Gościu 22:23 środki anty nie służą do leczenia. Lekarz nie musi ich wypisywać. Koniec, kropka.
Musi, bo taka jest jego praca, kto inny może je wypisać jak nie lekarz? Lekarz nie chce wypisywać środków legalnie dopuszczonych do obrotu, kiedy nie ma medycznych przeciwskazań, to niech skończy pracować w NFZ. Koniec, kropka.
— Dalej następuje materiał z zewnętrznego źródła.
(* Let $f,g$ satisfy the standing assumptions below and let $\beta>0$. For any $(x,y)\in\mathcal{M}$, $(x,y)$ is a $\mathcal{D}_f$-stationary point of (BLO) if and only if $(x,y)$ is a $\mathcal{D}_h$-stationary point of (CDB), i.e. $0\in\mathcal{D}_h(x,y)$.
   Context: Standing assumptions. (A1) Constants $M_f,\mu,L_g,Q_g>0$ exist such that: $f:\mathbb{R}^n\times\mathbb{R}^p\to\mathbb{R}$ is $M_f$-Lipschitz; $g$ is twice differentiable with $\nabla^2_{yy}g\succeq\mu I_p$; $\nabla g$ is $L_g$-Lipschitz; $\nabla^2_{yy}g,\nabla^2_{xy}g$ are $Q_g$-Lipschitz; $\nabla^2_{yy}g$ is continuously differentiable ($\nabla^2_{xy}g\in\mathbb{R}^{n\times p}$ has entries $\partial^2g/\partial x_i\partial y_j$). (A2) $f$ is a potential function of a conservative field $\mathcal{D}_f$ with compact convex values of norm at most $M_f$. Notation: $\mathcal{M}:=\{(x,y):\nabla_yg(x,y)=0\}$; $H=\nabla^2_{yy}g(x,y)$; $\mathcal{A}(x,y):=y-H^{-1}\nabla_yg(x,y)$; $\nabla^3_{xyy}g(x,y)[d]:=\lim_{t\to0}\frac1t(\nabla^2_{xy}g(x,y+td)-\nabla^2_{xy}g(x,y))$, $\nabla^3_{yyy}g(x,y)[d]:=\lim_{t\to0}\frac1t(\nabla^2_{yy}g(x,y+td)-\nabla^2_{yy}g(x,y))$; $J_{A,x}:=-\nabla^2_{xy}gH^{-1}+\nabla^3_{xyy}g[H^{-1}\nabla_yg]H^{-1}$, $J_{A,y}:=\nabla^3_{yyy}g[H^{-1}\nabla_yg]H^{-1}$; $\mathcal{D}_h(x,y):=\{(d_x+J_{A,x}d_y+\beta\nabla^2_{xy}g\nabla_yg,\ J_{A,y}d_y+\beta H\nabla_yg):(d_x,d_y)\in\mathcal{D}_f(x,\mathcal{A}(x,y))\}$. $(x,y)$ is a $\mathcal{D}_f$-stationary point of (BLO) if there is $(d_x,d_y)\in\mathcal{D}_f(x,y)$ with $d_x-\nabla^2_{xy}g(x,y)H^{-1}d_y=0$ and $\nabla_yg(x,y)=0$. *)

theory Defs
  imports "HOL-Analysis.Analysis"
begin

definition abs_cont_on :: "real \<Rightarrow> real \<Rightarrow> (real \<Rightarrow> 'a::real_normed_vector) \<Rightarrow> bool" where
  "abs_cont_on a b \<gamma> \<longleftrightarrow>
     (\<forall>\<epsilon>>0. \<exists>\<delta>>0. \<forall>(n::nat) (l::nat \<Rightarrow> real) (r::nat \<Rightarrow> real).
        (\<forall>i<n. a \<le> l i \<and> l i \<le> r i \<and> r i \<le> b) \<and>
        (\<forall>i<n. \<forall>j<n. i \<noteq> j \<longrightarrow> r i \<le> l j \<or> r j \<le> l i) \<and>
        (\<Sum>i<n. r i - l i) < \<delta>
        \<longrightarrow> (\<Sum>i<n. norm (\<gamma> (r i) - \<gamma> (l i))) < \<epsilon>)"

definition max_pairing :: "('a::euclidean_space \<Rightarrow> 'a set) \<Rightarrow> (real \<Rightarrow> 'a) \<Rightarrow> real \<Rightarrow> real" where
  "max_pairing D \<gamma> t = Sup ((\<lambda>v. inner (vector_derivative \<gamma> (at t)) v) ` D (\<gamma> t))"

definition conservative_field :: "('a::euclidean_space \<Rightarrow> 'a set) \<Rightarrow> bool" where
  "conservative_field D \<longleftrightarrow>
     (\<forall>z. D z \<noteq> {} \<and> compact (D z)) \<and>
     closed {(z, v). v \<in> D z} \<and>
     (\<forall>\<gamma>. abs_cont_on 0 1 \<gamma> \<and> \<gamma> 0 = \<gamma> 1 \<longrightarrow>
        set_integrable lborel {0..1} (max_pairing D \<gamma>) \<and>
        (LINT t:{0..1}|lborel. max_pairing D \<gamma> t) = 0)"

definition potential_of :: "('a::euclidean_space \<Rightarrow> real) \<Rightarrow> ('a \<Rightarrow> 'a set) \<Rightarrow> bool" where
  "potential_of f D \<longleftrightarrow> conservative_field D \<and>
     (\<forall>\<gamma>. abs_cont_on 0 1 \<gamma> \<longrightarrow>
        set_integrable lborel {0..1} (max_pairing D \<gamma>) \<and>
        f (\<gamma> 1) = f (\<gamma> 0) + (LINT t:{0..1}|lborel. max_pairing D \<gamma> t))"

definition grad_x :: "((real^'n) \<times> (real^'p) \<Rightarrow> real) \<Rightarrow> (real^'n) \<times> (real^'p) \<Rightarrow> real^'n" where
  "grad_x g z = (\<chi> i. frechet_derivative g (at z) (axis i 1, 0))"

definition grad_y :: "((real^'n) \<times> (real^'p) \<Rightarrow> real) \<Rightarrow> (real^'n) \<times> (real^'p) \<Rightarrow> real^'p" where
  "grad_y g z = (\<chi> j. frechet_derivative g (at z) (0, axis j 1))"

definition grad :: "((real^'n) \<times> (real^'p) \<Rightarrow> real) \<Rightarrow> (real^'n) \<times> (real^'p) \<Rightarrow> (real^'n) \<times> (real^'p)" where
  "grad g z = (grad_x g z, grad_y g z)"

definition hess_yy :: "((real^'n) \<times> (real^'p) \<Rightarrow> real) \<Rightarrow> (real^'n) \<times> (real^'p) \<Rightarrow> real^'p^'p" where
  "hess_yy g z = (\<chi> i j. frechet_derivative (\<lambda>w. grad_y g w $ j) (at z) (0, axis i 1))"

definition hess_xy :: "((real^'n) \<times> (real^'p) \<Rightarrow> real) \<Rightarrow> (real^'n) \<times> (real^'p) \<Rightarrow> real^'p^'n" where
  "hess_xy g z = (\<chi> i j. frechet_derivative (\<lambda>w. grad_y g w $ j) (at z) (axis i 1, 0))"

definition d3_xyy :: "((real^'n) \<times> (real^'p) \<Rightarrow> real) \<Rightarrow> (real^'n) \<times> (real^'p) \<Rightarrow> real^'p \<Rightarrow> real^'p^'n" where
  "d3_xyy g z d = Lim (at (0::real))
      (\<lambda>t. (1 / t) *\<^sub>R (hess_xy g (fst z, snd z + t *\<^sub>R d) - hess_xy g z))"

definition d3_yyy :: "((real^'n) \<times> (real^'p) \<Rightarrow> real) \<Rightarrow> (real^'n) \<times> (real^'p) \<Rightarrow> real^'p \<Rightarrow> real^'p^'p" where
  "d3_yyy g z d = Lim (at (0::real))
      (\<lambda>t. (1 / t) *\<^sub>R (hess_yy g (fst z, snd z + t *\<^sub>R d) - hess_yy g z))"

definition solution_manifold :: "((real^'n) \<times> (real^'p) \<Rightarrow> real) \<Rightarrow> ((real^'n) \<times> (real^'p)) set" where
  "solution_manifold g = {z. grad_y g z = 0}"

definition newton_map :: "((real^'n) \<times> (real^'p) \<Rightarrow> real) \<Rightarrow> (real^'n) \<times> (real^'p) \<Rightarrow> real^'p" where
  "newton_map g z = snd z - matrix_inv (hess_yy g z) *v grad_y g z"

definition J_Ax :: "((real^'n) \<times> (real^'p) \<Rightarrow> real) \<Rightarrow> (real^'n) \<times> (real^'p) \<Rightarrow> real^'p^'n" where
  "J_Ax g z = - (hess_xy g z ** matrix_inv (hess_yy g z))
      + d3_xyy g z (matrix_inv (hess_yy g z) *v grad_y g z) ** matrix_inv (hess_yy g z)"

definition J_Ay :: "((real^'n) \<times> (real^'p) \<Rightarrow> real) \<Rightarrow> (real^'n) \<times> (real^'p) \<Rightarrow> real^'p^'p" where
  "J_Ay g z = d3_yyy g z (matrix_inv (hess_yy g z) *v grad_y g z) ** matrix_inv (hess_yy g z)"

definition D_h :: "((real^'n) \<times> (real^'p) \<Rightarrow> ((real^'n) \<times> (real^'p)) set) \<Rightarrow> ((real^'n) \<times> (real^'p) \<Rightarrow> real)
     \<Rightarrow> real \<Rightarrow> (real^'n) \<times> (real^'p) \<Rightarrow> ((real^'n) \<times> (real^'p)) set" where
  "D_h Df g \<beta> z =
     {(dx + J_Ax g z *v dy + \<beta> *\<^sub>R (hess_xy g z *v grad_y g z),
       J_Ay g z *v dy + \<beta> *\<^sub>R (hess_yy g z *v grad_y g z)) | dx dy.
        (dx, dy) \<in> Df (fst z, newton_map g z)}"

definition Df_stationary_BLO :: "((real^'n) \<times> (real^'p) \<Rightarrow> ((real^'n) \<times> (real^'p)) set) \<Rightarrow> ((real^'n) \<times> (real^'p) \<Rightarrow> real)
     \<Rightarrow> (real^'n) \<times> (real^'p) \<Rightarrow> bool" where
  "Df_stationary_BLO Df g z \<longleftrightarrow>
     (\<exists>dx dy. (dx, dy) \<in> Df z \<and> dx - hess_xy g z *v (matrix_inv (hess_yy g z) *v dy) = 0)
     \<and> grad_y g z = 0"

definition Dh_stationary_CDB :: "((real^'n) \<times> (real^'p) \<Rightarrow> ((real^'n) \<times> (real^'p)) set) \<Rightarrow> ((real^'n) \<times> (real^'p) \<Rightarrow> real)
     \<Rightarrow> real \<Rightarrow> (real^'n) \<times> (real^'p) \<Rightarrow> bool" where
  "Dh_stationary_CDB Df g \<beta> z \<longleftrightarrow> 0 \<in> D_h Df g \<beta> z"

end

theory Submission
  imports Defs
begin

text \<open>On the solution manifold the lower-level gradient vanishes. Hence the Newton map fixes
  the point, the third-derivative terms of J_Ax and J_Ay are taken in the zero direction and
  vanish, and every element of D_h becomes (d_x - hess_xy H^-1 d_y, 0) for some (d_x, d_y)
  in Df. The equivalence is then a rewriting of the definitions.\<close>

lemma uminus_matrix_vector_mult: "(- A) *v v = - (A *v v)"
  for A :: "real^'m^'k"
  by (simp add: matrix_vector_mult_def vec_eq_iff sum_negf)

lemma d3_xyy_zero_direction [simp]: "d3_xyy g z 0 = 0"
  unfolding d3_xyy_def by (simp add: tendsto_Lim tendsto_const)

lemma d3_yyy_zero_direction [simp]: "d3_yyy g z 0 = 0"
  unfolding d3_yyy_def by (simp add: tendsto_Lim tendsto_const)

lemma grad_y_on_solution_manifold: "z \<in> solution_manifold g \<Longrightarrow> grad_y g z = 0"
  by (simp add: solution_manifold_def)

lemma newton_map_on_solution_manifold:
  "z \<in> solution_manifold g \<Longrightarrow> newton_map g z = snd z"
  by (simp add: newton_map_def grad_y_on_solution_manifold)

lemma J_Ax_on_solution_manifold:
  "z \<in> solution_manifold g \<Longrightarrow> J_Ax g z = - (hess_xy g z ** matrix_inv (hess_yy g z))"
  by (simp add: J_Ax_def grad_y_on_solution_manifold)

lemma J_Ay_on_solution_manifold: "z \<in> solution_manifold g \<Longrightarrow> J_Ay g z = 0"
  by (simp add: J_Ay_def grad_y_on_solution_manifold)

lemma D_h_on_solution_manifold:
  assumes "z \<in> solution_manifold g"
  shows "D_h Df g \<beta> z =
    {(dx - hess_xy g z *v (matrix_inv (hess_yy g z) *v dy), 0) | dx dy. (dx, dy) \<in> Df z}"
proof -
  have element_eq: "(dx + J_Ax g z *v dy + \<beta> *\<^sub>R (hess_xy g z *v grad_y g z),
         J_Ay g z *v dy + \<beta> *\<^sub>R (hess_yy g z *v grad_y g z))
      = (dx - hess_xy g z *v (matrix_inv (hess_yy g z) *v dy), 0)" for dx dy
    using assms
    by (simp add: grad_y_on_solution_manifold J_Ax_on_solution_manifold
        J_Ay_on_solution_manifold uminus_matrix_vector_mult matrix_vector_mul_assoc)
  show ?thesis
    unfolding D_h_def element_eq newton_map_on_solution_manifold[OF assms] by simp
qed

theorem proposition3p5:
  fixes f g :: "(real^'n) \<times> (real^'p) \<Rightarrow> real"
    and Df :: "(real^'n) \<times> (real^'p) \<Rightarrow> ((real^'n) \<times> (real^'p)) set"
    and Mf \<mu> Lg Qg \<beta> :: real
    and x :: "real^'n" and y :: "real^'p"
  assumes Mf_pos: "Mf > 0" and mu_pos: "\<mu> > 0" and Lg_pos: "Lg > 0" and Qg_pos: "Qg > 0"
    and f_lip: "Mf-lipschitz_on UNIV f"
    and g_diff: "\<forall>z. g differentiable (at z)"
    and g_twice: "\<forall>z. grad g differentiable (at z)"
    and hess_strong: "\<forall>z d. \<mu> * (d \<bullet> d) \<le> d \<bullet> (hess_yy g z *v d)"
    and grad_lip: "Lg-lipschitz_on UNIV (grad g)"
    and hyy_lip: "\<forall>z z'. onorm (\<lambda>v. (hess_yy g z - hess_yy g z') *v v) \<le> Qg * dist z z'"
    and hxy_lip: "\<forall>z z'. onorm (\<lambda>v. (hess_xy g z - hess_xy g z') *v v) \<le> Qg * dist z z'"
    and hyy_C1: "\<exists>D :: (real^'n) \<times> (real^'p) \<Rightarrow> ((real^'n) \<times> (real^'p)) \<Rightarrow>\<^sub>L (real^'p^'p).
                   (\<forall>z. (hess_yy g has_derivative blinfun_apply (D z)) (at z)) \<and> continuous_on UNIV D"
    and f_pot: "potential_of f Df"
    and Df_convex: "\<forall>z. convex (Df z)"
    and Df_bound: "\<forall>z. \<forall>v\<in>Df z. norm v \<le> Mf"
    and beta_pos: "\<beta> > 0"
    and onM: "(x, y) \<in> solution_manifold g"
  shows "Df_stationary_BLO Df g (x, y) \<longleftrightarrow> Dh_stationary_CDB Df g \<beta> (x, y)"
  using onM
  by (auto simp: Df_stationary_BLO_def Dh_stationary_CDB_def D_h_on_solution_manifold
      grad_y_on_solution_manifold zero_prod_def)

end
Ludzie, NIE głosujcie na kato-talibów. Błagam! Ta deklaracja to dopiero początek. Potem będzie ustawowy zakaz in vitro, zakaz antykoncepcji, itp. No i oczywiście likwidacja tych resztek żłobków i przedszkoli, bo baba ma w domu siedzieć, nie o studiach i pracy mysleć.Taki los zgotujecie swoim córkom.
Bo Ty tak powiedziałeś gościu 14:17? Właśnie że będę głosował na ludzi, którzy nie wstydzą się swoich chrześcijańskich korzeni, są wierzący i wszelkim dewiacjom i nowym modom powiedzą stanowcze NIE! Przyszła pora by swoją wiarę okazywać i nie dać się stłamsić lewakom, którzy próbują nas, wierzących uciszyć. Pokażemy wam na co nas stać! Pisząc o likwidacji żłobków i przedszkoli piszesz bzdury. Tak samo jak to, że kobieta ma siedzieć w domu. Jesteśmy wierzącymi ludźmi i ja jako kobieta normalnie pracuję i jestem z mojej pracy zadowolona. Mamy dwójkę dzieci a antykoncepcji nigdy nie używałam. Zawsze od początku stosuję NPR i jakoś w niczym mi to nie zaszkodziło. Jak więc widać można. Takich jak ja jest więcej i bardzo dobrze, że ludzie przestają się bać i swoją wiarę zaczynają okazywać.